Evoquant l'actuelle crise avec Téhéran sur le dossier nucléaire, de nombreux éditorialistes craignent notamment que les propos de M. Chirac ne conduisent le président iranien Mahmoud Ahmadinejad à se radicaliser encore plus
(c'est une blague des éditorialistes ?).
Dans ce contexte, les déclarations du président français sont "clairement contreproductives", estime ainsi le quotidien économique Handelsblatt. "Le président ne peut pas sérieusement croire qu'en lorgnant sur le bâton nucléaire, il puisse cacher la défaite de la diplomatie", ajoute le journal.
"La menace de Chirac n'est pas seulement peu judicieuse, mais également contreproductive", renchérit la Westdeutsche Zeitung de Düsseldorf. "Parce qu'elle laisse supposer que les moyens diplomatiques sont très limités face aux ambitions nucléaires. Et parce qu'elle fait peu de cas des conséquences pour le Proche-Orient, pour l'Occident comme pour l'économie occidentale".
Pour la Frankfurter Rundschau, l'ensemble de la stratégie énoncée par le chef de l'Etat français manque de cohérence.
"Parce qu'il ne veut pas entrer dans l'Histoire comme le président (...) ayant aboli la -Force de frappe- (en français dans le texte, ndlr) dont l'absurdité est pourtant établie, Jacques Chirac annonce maintenant sa -flexibilisation-", écrit le grand quotidien de Francfort.
"Les missiles à moyenne portée auront désormais deux, voire une seule tête explosive, au lieu de six. C'est le désarmement façon salami. Tout cela n'est pas logique. Mais que peut-on attendre d'autre d'un président qui, au cours de son mandat finissant, a proclamé tout et son contraire comme une vérité immuable ?", ajoute le journal.
Parmi les grands quotidiens, seul Die Welt (conservateur) défend Jacques Chirac. "La doctrine Chirac abaisse le seuil nucléaire. Est-ce positif ? Non, mais inéluctable", écrit le journal, pour qui le président français "place ainsi la France à la pointe des nations européennes, assure une protection nucléaire à ses alliés, y compris l'Allemagne, et dit clairement que le monde a besoin de plus qu'un pouvoir mou".

 

 

Réponse nucléaire au terrorisme: fin du dogme de dissuasion (antinucléaires)

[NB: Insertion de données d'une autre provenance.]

theorem lemma4p5:
  fixes r :: nat
  assumes "r \<ge> 3"
  shows "\<exists>\<alpha>::real>0. \<exists>c::real>0. \<exists>t0::nat. \<forall>t::nat. \<forall>m::nat.
           t \<ge> t0 \<longrightarrow> (t - 1) choose r \<le> m \<longrightarrow> m \<le> t choose r \<longrightarrow>
           Lam m r - Lam (nat \<lfloor>real m - \<alpha> * real t ^ (r - 1)\<rfloor>) r \<ge> c / (real t)^2"
proof -
  define E where "E = real r * (real r - 1) / 2 + 3 + real r ^ 5"
  have "0 \<le> real r * (real r - 1) / 2" "0 \<le> real r ^ 5" using assms by simp_all
  then have "E > 0" unfolding E_def by linarith
  show ?thesis
  proof (rule exI[of _ "real r * E"], intro conjI exI[of _ "1 / fact r"] exI[of _ "3 * r ^ 5"] allI impI)
    fix t m :: nat
    assume "3 * r ^ 5 \<le> t" "(t - 1) choose r \<le> m" "m \<le> t choose r"
    then show "1 / fact r / (real t)\<^sup>2 \<le> Lam m r - Lam (nat \<lfloor>real m - real r * E * real t ^ (r - 1)\<rfloor>) r"
      unfolding E_def by (rule Lam_gap_ge[OF assms])
  qed (use \<open>E > 0\<close> assms in simp_all)
qed

end
(* There exists an absolute constant $L$ such that for all $t\in\mathbb N$ and all real $\vartheta$ with $\lvert\vartheta\rvert\le\pi$ we have \[ \Bigl\lvert\gamma_t(\vartheta)-\exp\Bigl(-\frac{v_t}{2}\vartheta^2\Bigr)\Bigr\rvert\le LN\lvert\vartheta\rvert^3, \] where $N=\lvert t\rvert_{\mathtt{01}}$.
   Context: For $n\in\mathbb N=\{0,1,\dots\}$, $\lvert n\rvert_{\mathtt{01}}$ denotes the number of maximal blocks of $\mathtt 1$s in the binary expansion of $n$ (equivalently, the number of occurrences of $\mathtt{01}$ after padding with a leading $\mathtt 0$). Let $\mathsf r(n)$ be the number of (overlapping) occurrences of $\mathtt{11}$ in the binary expansion of $n$, $d(t,n)=\mathsf r(n+t)-\mathsf r(n)$, and $c_t(k)$ the asymptotic density (which exists) of $\{n\in\mathbb N:d(t,n)=k\}$, $k\in\mathbb Z$. Let $\gamma_t(\vartheta)=\sum_{k\in\mathbb Z}c_t(k)\exp(ik\vartheta)$. Define $(v_t)_{t\in\mathbb N}$ by $v_0=0$, $v_1=3/2$, $v_{4t}=v_{2t}$, $v_{4t+2}=v_{2t+1}+1$, $v_{2t+1}=\frac{v_t+v_{t+1}}2+\frac34$ (this is the variance of the distribution $c_t$). *)

theory Defs
  imports "HOL-Analysis.Analysis"
begin

text \<open>Number of maximal blocks of 1s in the binary expansion of n
  (= occurrences of 01 after padding with a leading 0): read the
  binary expansion from the least significant bit; a block ends
  (towards the top) exactly at a position where the bit is 1 and the
  next higher bit is 0, i.e. where the two lowest bits of the shifted
  number are 01.\<close>
fun blocks01 :: "nat \<Rightarrow> nat" where
  "blocks01 n = (if n = 0 then 0
      else (if n mod 4 = 1 then 1 else 0) + blocks01 (n div 2))"

fun r11 :: "nat \<Rightarrow> nat" where
  "r11 n = (if n = 0 then 0
      else (if n mod 4 = 3 then 1 else 0) + r11 (n div 2))"

definition dd :: "nat \<Rightarrow> nat \<Rightarrow> int" where
  "dd t n = int (r11 (n + t)) - int (r11 n)"

text \<open>Asymptotic density of {n. d(t,n) = k} (it exists, as stated in the paper).\<close>
definition cdens :: "nat \<Rightarrow> int \<Rightarrow> real" where
  "cdens t k = lim (\<lambda>M. real (card {n. n < M \<and> dd t n = k}) / real M)"

definition gam :: "nat \<Rightarrow> real \<Rightarrow> complex" where
  "gam t \<theta> = (\<Sum>\<^sub>\<infinity> k\<in>(UNIV :: int set).
      complex_of_real (cdens t k) * exp (\<i> * of_int k * complex_of_real \<theta>))"

function vv :: "nat \<Rightarrow> real" where
  "vv n = (if n = 0 then 0 else if n = 1 then 3/2
      else if even n then
        (if even (n div 2) then vv (n div 2) else vv (n div 2) + 1)
      else (vv (n div 2) + vv (n div 2 + 1)) / 2 + 3/4)"
  by pat_completeness auto
termination
  by (relation "Wellfounded.measure id") (auto elim!: oddE)

end
(* Let $K$ be a field, $\nu$ a valuation on $K[x]$, and $Q,Q'$ key polynomials for $\nu$ with $\epsilon(Q)\le\epsilon(Q')$. Then for every $f\in K[x]$, if $\nu_Q(f)=\nu(f)$ then $\nu_{Q'}(f)=\nu(f)$.
   Context: $\nu:K[x]\to\Gamma\cup\{\infty\}$ is a valuation ($\Gamma$ an ordered abelian group) with $\nu(f)=\infty$ only for $f=0$; $\Gamma'=\Gamma\otimes\mathbb{Q}$. For $k\in\mathbb{N}$, $\partial_kf=\frac{1}{k!}\frac{d^kf}{dx^k}$. For nonconstant $f$, $\epsilon(f)=\max\{(\nu(f)-\nu(\partial_kf))/k\mid 1\le k\le\deg f,\ \partial_kf\ne0\}\in\Gamma'$. A key polynomial is a monic nonconstant $Q\in K[x]$ such that every nonconstant $f\in K[x]$ with $\epsilon(f)\ge\epsilon(Q)$ satisfies $\deg f\ge\deg Q$. For monic nonconstant $Q$, the $Q$-expansion of $f$ is the unique expression $f=f_0+f_1Q+\dots+f_nQ^n$ with each $f_i=0$ or $\deg f_i<\deg Q$, and $\nu_Q(f)=\min_i\nu(f_iQ^i)$ (the $Q$-truncation of $\nu$). *)

theory Defs
  imports "HOL-Computational_Algebra.Polynomial"
begin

19/1/2006- Le droit de riposter par une arme "non conventionnelle", donc nucléaire, aux Etats ayant recours à "des moyens terroristes" contre la France, défendu jeudi par le président Jacques Chirac, "rompt (...) avec le dogme de la dissuasion", a dénoncé le réseau Sortir du Nucléaire.
Cette menace, "rompant de façon irresponsable avec le dogme de la dissuasion", représente "une subite remise en cause (qui) est une décision d'une extrême gravité: loin de mettre en oeuvre le désarmement nucléaire de la France, le président de la République envisage au contraire l'utilisation réelle de bombes atomiques", déplore le réseau, qui revendique l'adhésion de 722 associations.
"Les dirigeants d'Etats qui auraient recours à des moyens terroristes contre nous (...) doivent comprendre qu'ils s'exposeraient à une réponse" qui pourrait être "conventionnelle" ou "d'une autre nature", a déclaré jeudi M. Chirac, lors d'une visite à la base opérationnelle des sous-marins nucléaires de l'Ile Longue, près de Brest.
Sortir du Nucléaire "dénie toute légitimité à cette décision qui ne doit pas pouvoir être prise par un seul homme, fût-il président de la République", et estime par ailleurs que cette annonce "risque d'aboutir à l'exact contraire de l'objectif visé: elle désigne la France comme une cible prioritaire pour des groupes terroristes".

 

 

Les Verts "consternés" par les déclarations de Chirac

19/1/2006 - Les Verts se sont dits jeudi "consternés" par les déclarations de Jacques Chirac sur l'éventualité pour la France de faire usage de l'arme nucléaire contre un Etat terroriste de manière "flexible", les considérant comme "dangereuses" et "irresponsables".
"Elles sont aussi consternantes, car la menace terroriste est une menace diffuse, transnationale, et l'arme nucléaire ne saurait rentrer en ligne de compte dans les défis que ce mal représente pour les démocraties", soulignent les Verts dans un communiqué.
Les Verts se disent encore "scandalisés que le président de la République puisse envisager qu'il faille faire payer à tout un peuple la folie meurtrière de ses gouvernants".
- Sur France-Inter, le député (Verts) Noël Mamère considère que c'est une idée "totalement fausse" que de vouloir "marcher sur les traces des Américains en déclarant que l'on pourrait utiliser une arme nucléaire pour lutter contre le terrorisme". "La meilleure manière de se battre contre le terrorisme est de renforcer nos valeurs démocratiques et non pas menacer de frappes dites chirurgicales", ajoute le député de Gironde, pour qui "il faut modifier nos institutions et ne pas laisser à un seul homme la responsabilité de l'arme nucléaire".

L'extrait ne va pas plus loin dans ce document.